8 Figure 4: Displaying multiple representations of a program in Blockly

During this literature study, it was found that many contradicting studies exist on whether PaC or DnD is better for children’s performance. It is not possible for a claim to be made that one interaction style should be used over the other, but the research does suggest that for children of young age PaC works better and that this difference disappears when children get older for both computer mice and touch-screen related input devices.
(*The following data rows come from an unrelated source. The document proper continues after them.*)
lemma geom_egf_inverse: "geom_egf * (1 - fps_const [:0, 1:] * expm1_series) = 1"
proof -
  let ?q = "fps_const [:0, 1:] * expm1_series"
  have q_power_nth: "fps_nth (?q ^ j) n = monom (fact j * of_nat (Stirling n j) / fact n) j" for j n
    by (simp add: power_mult_distrib expm1_series_power_nth monom_altdef mult.commute)
  have geom_egf_nth: "fps_nth geom_egf n = fps_nth (\<Sum>j\<le>N. ?q ^ j) n" if "n \<le> N" for n N
  proof -
    have "fps_nth (\<Sum>j\<le>N. ?q ^ j) n =
        (\<Sum>j\<le>N. monom (fact j * of_nat (Stirling n j) / fact n) j)"
      by (simp add: fps_sum_nth q_power_nth)
    also have "\<dots> = (\<Sum>j\<le>n. monom (fact j * of_nat (Stirling n j) / fact n) j)"
      by (rule sum.mono_neutral_right) (use that in auto)
    also have "\<dots> = fps_nth geom_egf n"
      by (simp add: geom_egf_def geom_polynomial_def smult_sum_right smult_monom mult_ac)
    finally show ?thesis by simp
  qed
  show ?thesis
  proof (rule fps_ext)
    fix n
    have "fps_nth (geom_egf * (1 - ?q)) n = fps_nth ((\<Sum>j\<le>n. ?q ^ j) * (1 - ?q)) n"
      unfolding fps_mult_nth by (rule sum.cong) (simp_all add: geom_egf_nth)
    also have "(\<Sum>j\<le>n. ?q ^ j) * (1 - ?q) = 1 - ?q ^ Suc n"
      by (simp only: mult.commute[of _ "1 - ?q"] sum_gp_basic)
    also have "fps_nth (1 - ?q ^ Suc n) n = fps_nth 1 n"
      by (simp only: fps_sub_nth q_power_nth) simp
    finally show "fps_nth (geom_egf * (1 - ?q)) n = fps_nth 1 n" .
  qed
qed

lemma geom_egf_square_inverse:
  "geom_egf\<^sup>2 * (1 - fps_const [:0, 1:] * expm1_series) = geom_egf"
  using geom_egf_inverse by (simp add: power2_eq_square mult.assoc)

lemma fps_deriv_geom_egf: "fps_deriv geom_egf = fps_const [:1, 1:] * geom_egf\<^sup>2 - geom_egf"
proof -
  let ?U = "1 - fps_const [:0, 1:] * expm1_series"
  have deriv_U: "fps_deriv ?U = ?U - fps_const [:1, 1:]"
    by (simp add: fps_deriv_expm1_series algebra_simps fps_const_add[symmetric] one_pCons)
  have "fps_deriv geom_egf = - (geom_egf\<^sup>2 * fps_deriv ?U)"
    by (rule fps_deriv.inverse[OF geom_egf_inverse])
  also have "\<dots> = fps_const [:1, 1:] * geom_egf\<^sup>2 - geom_egf\<^sup>2 * ?U"
    by (simp only: deriv_U) (simp add: algebra_simps)
  also have "geom_egf\<^sup>2 * ?U = geom_egf"
    by (rule geom_egf_square_inverse)
  finally show ?thesis .
qed

lemma fps_pderiv_geom_egf: "fps_map pderiv geom_egf = expm1_series * geom_egf\<^sup>2"
proof -
  have pderiv_X: "fps_map pderiv (fps_const [:0, 1:]) = 1"
    by (simp add: fps_eq_iff pderiv_pCons)
  have pderiv_E: "fps_map pderiv expm1_series = 0"
    using fps_pderiv_expm1_series_power[of 1] by simp
  have "fps_map pderiv (1 - fps_const [:0, 1:] * expm1_series) = - expm1_series"
    unfolding fps_pderiv.additive.diff fps_pderiv.one fps_pderiv.leibniz pderiv_X pderiv_E by simp
  then show ?thesis
    using fps_pderiv.inverse[OF geom_egf_inverse] by (simp add: mult.commute)
qed

lemma fps_pderiv_power_geom_egf:
  "(fps_map pderiv ^^ k) geom_egf = of_nat (fact k) * expm1_series ^ k * geom_egf ^ Suc k"
proof (induction k)
  case (Suc k)
  have "(fps_map pderiv ^^ Suc k) geom_egf =
      fps_map pderiv (of_nat (fact k) * (expm1_series ^ k * geom_egf ^ Suc k))"
    using Suc.IH by (simp add: mult.assoc del: of_nat_fact)
  also have "\<dots> = of_nat (fact k) * (expm1_series ^ k * fps_map pderiv (geom_egf ^ Suc k))"
    by (simp only: fps_pderiv.leibniz fps_pderiv.of_nat fps_pderiv_expm1_series_power) simp
  also have "\<dots> = of_nat (fact (Suc k)) * expm1_series ^ Suc k * geom_egf ^ Suc (Suc k)"
    by (simp only: fps_pderiv.power_Suc fps_pderiv_geom_egf)
      (simp add: algebra_simps power2_eq_square del: of_nat_fact)
  finally show ?case .
qed simp

definition geom_stirling_sum :: "nat \<Rightarrow> nat \<Rightarrow> real poly" where
  "geom_stirling_sum k N =
     (\<Sum>j\<le>k. smult (of_nat (stirling (Suc k) (Suc j))) (geom_polynomial (N + j)))"

lemma geom_stirling_sum_Suc:
  "geom_stirling_sum (Suc k) N =
     geom_stirling_sum k (Suc N) + smult (of_nat (Suc k)) (geom_stirling_sum k N)"
proof -
  have "geom_stirling_sum (Suc k) N =
      (\<Sum>j\<le>Suc k. smult (of_nat (stirling (Suc k) j)) (geom_polynomial (N + j))) +
      (\<Sum>j\<le>Suc k. smult (of_nat (Suc k * stirling (Suc k) (Suc j)))
                           (geom_polynomial (N + j)))"
    unfolding geom_stirling_sum_def stirling.simps(4)[of "Suc k"]
    by (simp add: sum.distrib smult_add_left del: stirling.simps of_nat_Suc)
  also have "(\<Sum>j\<le>Suc k. smult (of_nat (stirling (Suc k) j)) (geom_polynomial (N + j))) =
      geom_stirling_sum k (Suc N)"
    unfolding geom_stirling_sum_def by (subst sum.atMost_Suc_shift) (simp del: stirling.simps)
  also have "(\<Sum>j\<le>Suc k. smult (of_nat (Suc k * stirling (Suc k) (Suc j)))
                               (geom_polynomial (N + j))) =
      smult (of_nat (Suc k)) (geom_stirling_sum k N)"
    unfolding geom_stirling_sum_def by (simp add: smult_sum_right ring_distribs del: stirling.simps)
  finally show ?thesis .
qed

lemma geom_egf_power_nth:
  "fps_nth (of_nat (fact k) * fps_const [:1, 1:] ^ k * geom_egf ^ Suc k) N =
     smult (1 / fact N) (geom_stirling_sum k N)"
proof (induction k arbitrary: N)
  case 0
  show ?case by (simp add: geom_stirling_sum_def geom_egf_def)
next
  case (Suc k)
  define P :: "real poly fps" where "P = fps_const [:1, 1:]"
  define F where "F k = of_nat (fact k) * P ^ k * geom_egf ^ Suc k" for k
  have IH: "fps_nth (F k) M = smult (1 / fact M) (geom_stirling_sum k M)" for M
    unfolding F_def P_def by (rule Suc.IH)
  have deriv_P_power: "fps_deriv (P ^ k) = 0"
    by (simp add: P_def)
  have deriv_power: "fps_deriv (geom_egf ^ Suc k) =
      of_nat (Suc k) * (P * geom_egf ^ Suc (Suc k) - geom_egf ^ Suc k)"
    by (simp only: fps_deriv.power_Suc fps_deriv_geom_egf P_def[symmetric])
      (simp add: right_diff_distrib power2_eq_square mult_ac)
  have deriv_F: "fps_deriv (F k) = of_nat (fact k) * P ^ k * fps_deriv (geom_egf ^ Suc k)"
    unfolding F_def fps_deriv.leibniz fps_deriv.of_nat deriv_P_power by simp
  have "F (Suc k) = fps_deriv (F k) + of_nat (Suc k) * F k"
    by (simp only: deriv_F deriv_power) (simp add: F_def algebra_simps del: of_nat_fact)
  then have "fps_nth (F (Suc k)) N =
      smult (of_nat (Suc N)) (fps_nth (F k) (Suc N)) + smult (of_nat (Suc k)) (fps_nth (F k) N)"
    by (simp add: of_nat_poly del: of_nat_Suc)
  also have "\<dots> = smult (1 / fact N) (geom_stirling_sum (Suc k) N)"
    unfolding IH geom_stirling_sum_Suc
    by (simp add: smult_add_right field_simps del: of_nat_Suc)
  finally show ?case
    unfolding F_def P_def .
qed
5.4 Displaying Multiple Program Representations

Certain programming concepts are easier to learn using visual block-based programming languages, so using a BBPL to learn them seems logical thing to do. Research has shown that children are better at interpreting conditional and boolean expressions if they learn it through the use of a visual BBPL when compared to a textual BBPL [38]. However, visual BBPLs become less ideal when programs start to scale up [8]. Non-visual textual programming languages (TPLs) are better for these purposes, but learning to program in a TPL is difficult [36]. Students find it difficult to learn general programming structure and how to design programs to solve certain tasks [36]. If children learn to program in a BBPL, then they can eventually move on to learning a TPL. To make the transition from block-based programming to textual programming easier the equivalent textual representation of the user’s program should be available at any time. A textual representation is independent of a certain TPL, so the program could be displayed in any desired language [30]. At the time of writing, Blocky supported displaying programs in Javascript, Python, PHP, Lua and Dart. By manipulating the block interface, the user can see the changes in the textual representation and see how the syntax changes when the program changes. Seeing the textual representation next to their own program makes the user more familiar with textual programming languages [30]. When the user is ready to start programming in the TPL, the block representation should be available to the user. Allowing the block representation to be available at any time allows the user to orient himself if he ever gets lost while writing the textual program. There are multiple programming languages that support this feature or that have been extended to support this feature. Languages that support it include RobotC [59], RCX SDK2 with MindScript [11], and the Blockly web editor (figure 4). Two of these languages are BBPLs specifically designed for programming robots.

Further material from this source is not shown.